Linear-Sample Learning of Low-Rank Distributions
This addresses a fundamental gap in sample efficiency for applications like community detection and collaborative filtering, though it is incremental as it builds on existing spectral techniques.
The paper tackles the problem of determining the sample complexity for learning low-rank matrices in latent-variable models, showing that Ω(kr/ε²) samples are necessary and providing an algorithm that uses O(kr/ε² log²(r/ε)) samples, which is linear in dimension and nearly linear in rank.

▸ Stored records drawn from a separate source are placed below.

lemma AE_subexponential:
  fixes X :: "int \<Rightarrow> 'a \<Rightarrow> 'f::topological_space" and b :: "'f \<Rightarrow> real"
  assumes M: "prob_space M" and X: "\<And>t. X t \<in> M \<rightarrow>\<^sub>M borel" and st: "stationary M X"
    and b [measurable]: "b \<in> borel_measurable borel" and int: "integrable M (\<lambda>\<omega>. logp (b (X 0 \<omega>)))"
  shows "AE \<omega> in M. \<forall>q>1. \<forall>\<^sub>F i in sequentially. b (X (- int i) \<omega>) \<le> q ^ i"
proof -
  interpret prob_space M by (rule M)
  have [measurable]: "X t \<in> borel_measurable M" for t by (rule X)
  have [measurable]: "logp \<in> borel_measurable borel" unfolding logp_def by measurable
  have "AE \<omega> in M. \<forall>m. \<forall>\<^sub>F i in sequentially. logp (b (X (- int i) \<omega>)) \<le> 1 / Suc m * i"
  proof (subst AE_all_countable, intro allI)
    fix m :: nat
    show "AE \<omega> in M. \<forall>\<^sub>F i in sequentially. logp (b (X (- int i) \<omega>)) \<le> 1 / Suc m * i"
    proof (rule AE_eventually_le_linear[where Y="\<lambda>i \<omega>. logp (b (X (- int i) \<omega>))"])
      fix i :: nat and c :: real
      have "{y. c < logp (b y)} \<in> sets borel" by measurable
      from stationary_prob_eq[where X=X, OF M X st this, of "- int i"]
      show "prob {\<omega> \<in> space M. c < logp (b (X (- int i) \<omega>))}
        = prob {\<omega> \<in> space M. c < logp (b (X (- int 0) \<omega>))}"
        by simp
    qed (use int in \<open>auto simp: logp_def\<close>)
  qed
  then show ?thesis
  proof (rule AE_mp, intro AE_I2 impI allI)
    fix \<omega> and q :: real
    assume lin: "\<forall>m. \<forall>\<^sub>F i in sequentially. logp (b (X (- int i) \<omega>)) \<le> 1 / Suc m * i" and "1 < q"
    then obtain m where m: "inverse (real (Suc m)) < ln q" using reals_Archimedean[of "ln q"] by auto
    from lin[rule_format, of m] show "\<forall>\<^sub>F i in sequentially. b (X (- int i) \<omega>) \<le> q ^ i"
    proof eventually_elim
      case (elim i)
      have "b (X (- int i) \<omega>) \<le> exp (logp (b (X (- int i) \<omega>)))" by (simp add: logp_def)
      also have "\<dots> \<le> exp (i * ln q)"
        using elim order_trans[OF _ mult_left_mono[OF less_imp_le[OF m]]] by (simp add: field_simps)
      also have "\<dots> = q ^ i" using \<open>1 < q\<close> by (simp add: exp_of_nat_mult)
      finally show ?case .
    qed
  qed
qed
section \<open>Linear maps and the product Lebesgue measure\<close>

definition lin_map :: "nat \<Rightarrow> (nat \<Rightarrow> nat \<Rightarrow> real) \<Rightarrow> (nat \<Rightarrow> real) \<Rightarrow> (nat \<Rightarrow> real)" where
  "lin_map d M x = (\<lambda>i\<in>{..<d}. \<Sum>j<d. M i j * x j)"

lemma lin_map_comp: "lin_map d A (lin_map d B x) = lin_map d (mat_mul d A B) x"
proof -
  have "(\<Sum>j<d. A i j * (\<Sum>k<d. B j k * x k)) = (\<Sum>k<d. (\<Sum>j<d. A i j * B j k) * x k)" for i
    by (simp add: sum_distrib_left sum_distrib_right mult.assoc) (rule sum.swap)
  then show ?thesis unfolding lin_map_def mat_mul_def by (auto simp: restrict_def)
qed

lemma space_lebesgue_d: "space (lebesgue_d d) = PiE {..<d} (\<lambda>_. UNIV)"
  by (simp add: lebesgue_d_def space_PiM)

lemma lin_map_id_mat: "x \<in> space (lebesgue_d d) \<Longrightarrow> lin_map d id_mat x = x"
  by (auto simp: lin_map_def sum_id_mat_left space_lebesgue_d PiE_def extensional_def)

lemma component_measurable_lebesgue_d: "i < d \<Longrightarrow> (\<lambda>x. x i) \<in> borel_measurable (lebesgue_d d)"
  using measurable_component_singleton[of i "{..<d}" "\<lambda>_. lborel"] by (simp add: lebesgue_d_def)

lemma linear_form_measurable: "(\<lambda>x. \<Sum>j<d. c j * x j) \<in> borel_measurable (lebesgue_d d)"
  by (intro borel_measurable_sum borel_measurable_times borel_measurable_const component_measurable_lebesgue_d) auto

lemma lin_map_measurable: "lin_map d M \<in> measurable (lebesgue_d d) (lebesgue_d d)"
  unfolding lin_map_def
  by (subst (2) lebesgue_d_def, rule measurable_restrict) (simp add: linear_form_measurable)

lemma product_sigma_finite_lborel: "product_sigma_finite (\<lambda>_::nat. lborel :: real measure)"
  by (simp add: product_sigma_finite_def sigma_finite_lborel)

lemma permutes_moves_point_other_than:
  assumes p: "p permutes S" "p \<noteq> id"
  shows "\<exists>j\<in>S. p j \<noteq> j \<and> j \<noteq> k"
proof -
  obtain i where i: "p i \<noteq> i" using p(2) by (metis eq_id_iff)
  then have iS: "i \<in> S" using p(1) unfolding permutes_def by auto
  show ?thesis
  proof (cases "i = k")
    case True
    have "p (p k) \<noteq> p k" using i True permutes_inj[OF p(1)] by (metis inj_eq)
    moreover have "p k \<in> S" using permutes_in_image[OF p(1)] iS True by auto
    ultimately show ?thesis using i True by metis
  qed (use i iS in auto)
qed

Many latent-variable applications, including community detection, collaborative filtering, genomic analysis, and NLP, model data as generated by low-rank matrices. Yet despite considerable research, except for very special cases, the number of samples required to efficiently recover the underlying matrices has not been known. We determine the onset of learning in several common latent-variable settings. For all of them, we show that learning $k\times k$, rank-$r$, matrices to normalized $L_{1}$ distance $ε$ requires $Ω(\frac{kr}{ε^2})$ samples, and propose an algorithm that uses ${\cal O}(\frac{kr}{ε^2}\log^2\frac rε)$ samples, a number linear in the high dimension, and nearly linear in the, typically low, rank. The algorithm improves on existing spectral techniques and runs in polynomial time. The proofs establish new results on the rapid convergence of the spectral distance between the model and observation matrices, and may be of independent interest.